Schwangerschaft und Schilddrüsenüberfunktion
Hyperthyroidism occurs rarely during pregnancy (1%). An existing hyperfunction (hyperthyroidism) often shows spontaneous improvement. It must be kept in mind that a newly developed hyperfunction, if not treated, can lead to complications such as a higher miscarriage rate or premature delivery. A diagnosis of hyperthyroidism during pregnancy by no means constitutes medical grounds for an abortion.
The causes of hyperthyroidism during pregnancy are:
- hCG-induced hyperfunction
- Hyperthyroidism of Graves’ disease (Basedow’s disease)
Elevated hCG concentration:
In early pregnancy, obviously high B-hCG (concentration of hCG in blood) can occur. The structure of hCG is similar to that of TSH and shows the same affinity for TSH receptors. Thus, in early pregnancy, with elevated hCG, there is an increase in the thyroid hormones. An hCG-induced hyperthyroidism usually has a mild course and often improves spontaneously after the end of the first trimester, even without treatment.
The most common physical complaints with hyperthyroidism are:
- Rapid heartbeat
- High blood pressure
- Hypersensitivity to heat
- Muscle weakness
- Frequent bowel movements
- Changes in the skin and nails
- Heavy sweating
1. Iodine and all medication with a high iodine concentration should be avoided.
2. B-hCG induced hyperthyroidism usually has a mild course and shows spontaneous improvement after the first trimester of pregnancy. For this reason, treatment by medication is often not necessary.
3. With Graves’ disease or autonomy and manifest hyperfunction, thyrostatic drugs such as Propylthiouracil (PTU) should be used in the lowest possible doses. The aim of this therapy is to keep fT3 and fT4 in the upper reference range, and TSH in the lower reference range or even below the normal range. These drugs are not teratogenic and cause no malformations, however the fetal thyroid gland is affected by this treatment as well, and there could be a drop in fetal hormone production.
4. A thyroid gland operation during pregnancy should be done only in extraordinary cases such as suspicion of malignant changes, thyrotoxic crisis, and hyperthyroidism that cannot be controlled with medication, or only with very high dosages, as well cases where there are strong side-effects and allergic-toxic reactions to thyrostatics.
Please note that toward the end of a pregnancy, there might be an improvement in hyperthyroidism, but that after childbirth, there could be pronounced recurrences of the hyperfunction.
Hyperthyroidism complicates pregnancy. For this reason, patients with known Graves’ disease should definitely undergo treatment before a planned pregnancy.

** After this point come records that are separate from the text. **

(* Let $\Gamma\subset\mathrm{PGL}(2,\mathbb{C})$ be a torsion-free Kleinian group (of finite covolume). Then the map $H_1(\Gamma;S_1(\mathbb{CP}^1))\to H_1(\Gamma;S_0(\mathbb{CP}^1))$ induced by the boundary map $\partial\colon S_1(\mathbb{CP}^1)\to S_0(\mathbb{CP}^1)$, $\langle z_0,z_1\rangle\mapsto\langle z_1\rangle-\langle z_0\rangle$, is injective.
   Context: $S_n(\mathbb{CP}^1)$ is the free abelian group on ordered $(n+1)$-tuples of distinct points of $\mathbb{CP}^1$ modulo $\langle z_0,\dots,z_n\rangle=\operatorname{sgn}(\tau)\langle z_{\tau(0)},\dots,z_{\tau(n)}\rangle$, a $\mathbb{Z}\Gamma$-module via the action of $\Gamma$ on $\mathbb{CP}^1=\partial\overline{\mathbb{H}}^3$; $H_1(\Gamma;N)$ denotes group homology with coefficients in the $\mathbb{Z}\Gamma$-module $N$. *)

theory Defs
  imports "HOL-Analysis.Analysis" "HOL-Combinatorics.Permutations"
begin

text \<open>CP^1 = C \<union> {\<infinity>}, modelled as complex option (None = \<infinity>).\<close>
type_synonym pt = "complex option"

definition moeb :: "complex^2^2 \<Rightarrow> pt \<Rightarrow> pt" where
  "moeb A p = (let a = A$1$1; b = A$1$2; c = A$2$1; d = A$2$2 in
     (case p of
        None \<Rightarrow> (if c = 0 then None else Some (a / c))
      | Some z \<Rightarrow> (if c * z + d = 0 then None else Some ((a * z + b) / (c * z + d)))))"

text \<open>PGL(2,C), realised as the group of Moebius transformations of CP^1
  (a Moebius map determines its matrix up to a scalar).\<close>
definition PGL2 :: "(pt \<Rightarrow> pt) set" where
  "PGL2 = {moeb A | A. det A \<noteq> 0}"

definition sl_reps :: "(pt \<Rightarrow> pt) \<Rightarrow> (complex^2^2) set" where
  "sl_reps g = {A. det A = 1 \<and> moeb A = g}"

definition is_subgroup_PGL2 :: "(pt \<Rightarrow> pt) set \<Rightarrow> bool" where
  "is_subgroup_PGL2 \<Gamma> \<longleftrightarrow> \<Gamma> \<subseteq> PGL2 \<and> id \<in> \<Gamma> \<and>
     (\<forall>g\<in>\<Gamma>. \<forall>h\<in>\<Gamma>. g \<circ> h \<in> \<Gamma>) \<and> (\<forall>g\<in>\<Gamma>. inv g \<in> \<Gamma>)"

text \<open>Discreteness in PGL(2,C): the preimage in SL(2,C) (a double cover)
  is a discrete subset of the matrix space.\<close>
definition discrete_PGL2 :: "(pt \<Rightarrow> pt) set \<Rightarrow> bool" where
  "discrete_PGL2 \<Gamma> \<longleftrightarrow>
     (let P = (\<Union>g\<in>\<Gamma>. sl_reps g) in
      \<forall>A\<in>P. \<exists>e>0. \<forall>B\<in>P. B \<noteq> A \<longrightarrow> e \<le> dist A B)"

definition kleinian :: "(pt \<Rightarrow> pt) set \<Rightarrow> bool" where
  "kleinian \<Gamma> \<longleftrightarrow> is_subgroup_PGL2 \<Gamma> \<and> discrete_PGL2 \<Gamma>"

definition torsion_free :: "(pt \<Rightarrow> pt) set \<Rightarrow> bool" where
  "torsion_free \<Gamma> \<longleftrightarrow> (\<forall>g\<in>\<Gamma>. \<forall>n::nat. n > 0 \<and> (g ^^ n) = id \<longrightarrow> g = id)"

definition H3 :: "(complex \<times> real) set" where
  "H3 = {p. snd p > 0}"

text \<open>Poincare extension of the Moebius map of an SL(2,C) matrix to H^3.\<close>
definition poincare :: "complex^2^2 \<Rightarrow> complex \<times> real \<Rightarrow> complex \<times> real" where
  "poincare A p = (let a = A$1$1; b = A$1$2; c = A$2$1; d = A$2$2;
      z = fst p; t = snd p;
      D = (cmod (c * z + d))^2 + (cmod c)^2 * t^2 in
      (((a * z + b) * cnj (c * z + d) + a * cnj c * complex_of_real (t^2)) / complex_of_real D,
       t / D))"

text \<open>Hyperbolic volume dx dy dt / t^3.\<close>
definition hvol :: "(complex \<times> real) set \<Rightarrow> ennreal" where
  "hvol F = (\<integral>\<^sup>+ p. indicator F p * ennreal (1 / (snd p)^3) \<partial>lborel)"

definition finite_covolume :: "(pt \<Rightarrow> pt) set \<Rightarrow> bool" where
  "finite_covolume \<Gamma> \<longleftrightarrow>
     (\<exists>F \<in> sets lborel. F \<subseteq> H3 \<and> hvol F < \<infinity> \<and>
        H3 \<subseteq> (\<Union>g\<in>\<Gamma>. poincare (SOME A. A \<in> sl_reps g) ` F))"

section \<open>Free abelian groups as finitely supported integer functions\<close>

definition delta :: "'k \<Rightarrow> 'k \<Rightarrow> int" where
  "delta k = (\<lambda>l. if l = k then 1 else 0)"

inductive_set zspan :: "('k \<Rightarrow> int) set \<Rightarrow> ('k \<Rightarrow> int) set" for B where
  zspan_zero: "(\<lambda>_. 0) \<in> zspan B"
| zspan_base: "b \<in> B \<Longrightarrow> b \<in> zspan B"
| zspan_diff: "x \<in> zspan B \<Longrightarrow> y \<in> zspan B \<Longrightarrow> (\<lambda>k. x k - y k) \<in> zspan B"

definition lin :: "('k \<Rightarrow> ('l \<Rightarrow> int)) \<Rightarrow> ('k \<Rightarrow> int) \<Rightarrow> ('l \<Rightarrow> int)" where
  "lin \<phi> c = (\<lambda>l. \<Sum>k\<in>{k. c k \<noteq> 0}. c k * \<phi> k l)"

text \<open>Generators of S_n: ordered (n+1)-tuples of distinct points.\<close>
definition tuples :: "nat \<Rightarrow> pt list set" where
  "tuples n = {zs. length zs = Suc n \<and> distinct zs}"

definition permute_tuple :: "(nat \<Rightarrow> nat) \<Rightarrow> pt list \<Rightarrow> pt list" where
  "permute_tuple \<tau> zs = map (\<lambda>i. zs ! \<tau> i) [0..<length zs]"

text \<open>Boundary S_n \<rightarrow> S_(n-1): sum of (-1)^i <z_0..(omit z_i)..z_n>.\<close>
definition omit :: "nat \<Rightarrow> 'a list \<Rightarrow> 'a list" where
  "omit i xs = take i xs @ drop (Suc i) xs"

text \<open>A k-chain with coefficients in S_n is represented by an element of
  F_n \<otimes> Z[Gamma^k] = Z[Gamma^k \<times> tuples n], taken modulo R_n \<otimes> Z[Gamma^k],
  where R_n is the subgroup of sign relations.\<close>

definition chains :: "(pt \<Rightarrow> pt) set \<Rightarrow> nat \<Rightarrow> nat \<Rightarrow> (((pt \<Rightarrow> pt) list \<times> pt list) \<Rightarrow> int) set" where
  "chains \<Gamma> k n = zspan {delta (gs, zs) | gs zs. length gs = k \<and> set gs \<subseteq> \<Gamma> \<and> zs \<in> tuples n}"

definition rel_chains :: "(pt \<Rightarrow> pt) set \<Rightarrow> nat \<Rightarrow> nat \<Rightarrow> (((pt \<Rightarrow> pt) list \<times> pt list) \<Rightarrow> int) set" where
  "rel_chains \<Gamma> k n = zspan {(\<lambda>x. delta (gs, zs) x - sign \<tau> * delta (gs, permute_tuple \<tau> zs) x)
      | gs zs \<tau>. length gs = k \<and> set gs \<subseteq> \<Gamma> \<and> zs \<in> tuples n \<and> \<tau> permutes {..n}}"

text \<open>Bar differential on generators m[g_1|...|g_k] (left module, g.<z> = <g z>):
  d(m[g_1|..|g_k]) = (g_1^-1 m)[g_2|..|g_k] + sum_{i=1}^{k-1} (-1)^i m[..|g_i g_(i+1)|..]
                     + (-1)^k m[g_1|..|g_(k-1)].\<close>
definition merge_at :: "nat \<Rightarrow> (pt \<Rightarrow> pt) list \<Rightarrow> (pt \<Rightarrow> pt) list" where
  "merge_at i gs = take i gs @ [gs ! i \<circ> gs ! Suc i] @ drop (Suc (Suc i)) gs"

definition bar_d :: "((pt \<Rightarrow> pt) list \<times> pt list) \<Rightarrow> (((pt \<Rightarrow> pt) list \<times> pt list) \<Rightarrow> int)" where
  "bar_d x = (let gs = fst x; zs = snd x; k = length gs in
     (\<lambda>y. delta (tl gs, map (inv (hd gs)) zs) y
        + (\<Sum>i<k - 1. (-1) ^ Suc i * delta (merge_at i gs, zs) y)
        + (-1) ^ k * delta (butlast gs, zs) y))"

definition coeff_bd :: "((pt \<Rightarrow> pt) list \<times> pt list) \<Rightarrow> (((pt \<Rightarrow> pt) list \<times> pt list) \<Rightarrow> int)" where
  "coeff_bd x = (\<lambda>y. \<Sum>i<length (snd x). (-1) ^ i * delta (fst x, omit i (snd x)) y)"

definition cycles1 :: "(pt \<Rightarrow> pt) set \<Rightarrow> nat \<Rightarrow> (((pt \<Rightarrow> pt) list \<times> pt list) \<Rightarrow> int) set" where
  "cycles1 \<Gamma> n = {c \<in> chains \<Gamma> 1 n. lin bar_d c \<in> rel_chains \<Gamma> 0 n}"

definition boundaries1 :: "(pt \<Rightarrow> pt) set \<Rightarrow> nat \<Rightarrow> (((pt \<Rightarrow> pt) list \<times> pt list) \<Rightarrow> int) set" where
  "boundaries1 \<Gamma> n = {(\<lambda>y. lin bar_d b y + r y) | b r. b \<in> chains \<Gamma> 2 n \<and> r \<in> rel_chains \<Gamma> 1 n}"

end

theory Submission
  imports Defs
begin

text \<open>
  As a \<Gamma>-module, S_1 is the sum over the \<Gamma>-orbits of unordered pairs {z0, z1}. No element
  of the torsion-free group \<Gamma> swaps the two points of a pair (it would be an involution), so by
  Shapiro's lemma every 1-cycle is homologous to a sum of generators [u] \<otimes> <z0, z1>, one for
  each orbit representative, with u in the stabilizer of z0 and z1.

  Normalize z0 = 0 and z1 = \<infinity>, so that u z = a z. Induce the homomorphism
  v \<mapsto> log |multiplier of v| from the stabilizer of z1 up to \<Gamma>: this is a real 1-cocycle with
  values in the dual of S_0. Composed with the boundary map it vanishes on the cycle (whose image
  is a boundary by hypothesis) and on boundaries, while on the normal form it only sees the term
  at <z0, z1>. Indeed z0 is not \<Gamma>-equivalent to z1, and another representative pair with
  nontrivial stabilizer meets the orbit of z1 only if it is \<Gamma>-equivalent to {z0, z1}, because
  by discreteness a loxodromic and a parabolic element never share a fixed point. Hence
  |a| = 1, so u is elliptic, and discreteness together with torsion-freeness gives u = id.
\<close>

definition supp :: "('k \<Rightarrow> int) \<Rightarrow> 'k set" where
  "supp f = {k. f k \<noteq> 0}"

definition pairing :: "('k \<Rightarrow> int) \<Rightarrow> ('k \<Rightarrow> 'a::comm_ring_1) \<Rightarrow> 'a" where
  "pairing c W = (\<Sum>k\<in>supp c. of_int (c k) * W k)"

lemma supp_delta [simp]: "supp (delta x) = {x}"
  by (auto simp: supp_def delta_def)

lemma supp_diff: "supp (\<lambda>k. c k - d k) \<subseteq> supp c \<union> supp d"
  and supp_add: "supp (\<lambda>k. c k + d k) \<subseteq> supp c \<union> supp d"
  and supp_scale: "supp (\<lambda>k. n * c k) \<subseteq> supp c"
  by (auto simp: supp_def)

lemma supp_zero [simp]: "supp (\<lambda>_. 0) = {}"
  by (simp add: supp_def)

lemma supp_sum: "supp (\<lambda>k. \<Sum>i\<in>I. f i k) \<subseteq> (\<Union>i\<in>I. supp (f i))"
  by (auto simp: supp_def dest: sum.not_neutral_contains_not_neutral)

lemma finite_supp_diff [simp]: "finite (supp c) \<Longrightarrow> finite (supp d) \<Longrightarrow> finite (supp (\<lambda>k. c k - d k))"
  and finite_supp_add [simp]: "finite (supp c) \<Longrightarrow> finite (supp d) \<Longrightarrow> finite (supp (\<lambda>k. c k + d k))"
  and finite_supp_scale [simp]: "finite (supp c) \<Longrightarrow> finite (supp (\<lambda>k. n * c k))"
  by (auto intro: finite_subset[OF supp_diff] finite_subset[OF supp_add] finite_subset[OF supp_scale])

lemma finite_supp_sum [simp]:
  "finite I \<Longrightarrow> (\<And>i. i \<in> I \<Longrightarrow> finite (supp (f i))) \<Longrightarrow> finite (supp (\<lambda>k. \<Sum>i\<in>I. f i k))"
  by (rule finite_subset[OF supp_sum]) auto

lemma pairing_eq:
  assumes "finite S" "supp c \<subseteq> S"
  shows "pairing c W = (\<Sum>k\<in>S. of_int (c k) * W k)"
  unfolding pairing_def using assms by (intro sum.mono_neutral_left) (auto simp: supp_def)

lemma pairing_diff [simp]:
  assumes "finite (supp c)" "finite (supp d)"
  shows "pairing (\<lambda>k. c k - d k) W = pairing c W - pairing d W"
proof -
  let ?S = "supp c \<union> supp d"
  have "pairing (\<lambda>k. c k - d k) W = (\<Sum>k\<in>?S. of_int (c k - d k) * W k)"
    using assms by (intro pairing_eq[OF _ supp_diff]) auto
  also have "\<dots> = pairing c W - pairing d W"
    using assms by (simp add: pairing_eq[of ?S] sum_subtractf left_diff_distrib)
  finally show ?thesis .
qed

lemma pairing_add [simp]:
  assumes "finite (supp c)" "finite (supp d)"
  shows "pairing (\<lambda>k. c k + d k) W = pairing c W + pairing d W"
proof -
  let ?S = "supp c \<union> supp d"
  have "pairing (\<lambda>k. c k + d k) W = (\<Sum>k\<in>?S. of_int (c k + d k) * W k)"
    using assms by (intro pairing_eq[OF _ supp_add]) auto
  also have "\<dots> = pairing c W + pairing d W"
    using assms by (simp add: pairing_eq[of ?S] sum.distrib distrib_right)
  finally show ?thesis .
qed

lemma pairing_zero [simp]: "pairing (\<lambda>_. 0) W = 0"
  by (simp add: pairing_def supp_def)

lemma pairing_delta [simp]: "pairing (delta x) W = W x"
  unfolding pairing_def supp_delta by (simp add: delta_def)

lemma pairing_scale [simp]: "pairing (\<lambda>k. n * c k) W = of_int n * pairing c W"
proof (cases "n = 0")
  case False
  then have "supp (\<lambda>k. n * c k) = supp c" by (auto simp: supp_def)
  then show ?thesis by (simp add: pairing_def sum_distrib_left mult.assoc)
qed (simp add: pairing_def supp_def)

A combination therapy consisting of a thyroid hormone (Levothyroxine) and thyrostatic drugs should not be used during pregnancy, and the same applies to radioiodine therapy during pregnancy.
During treatment for hyperthyroidism, small amounts of thyrostatic drugs enter breast milk, nevertheless, breastfeeding while taking thyrostatics is safe. Frequent checks on thyroid function are of course required during this period as well.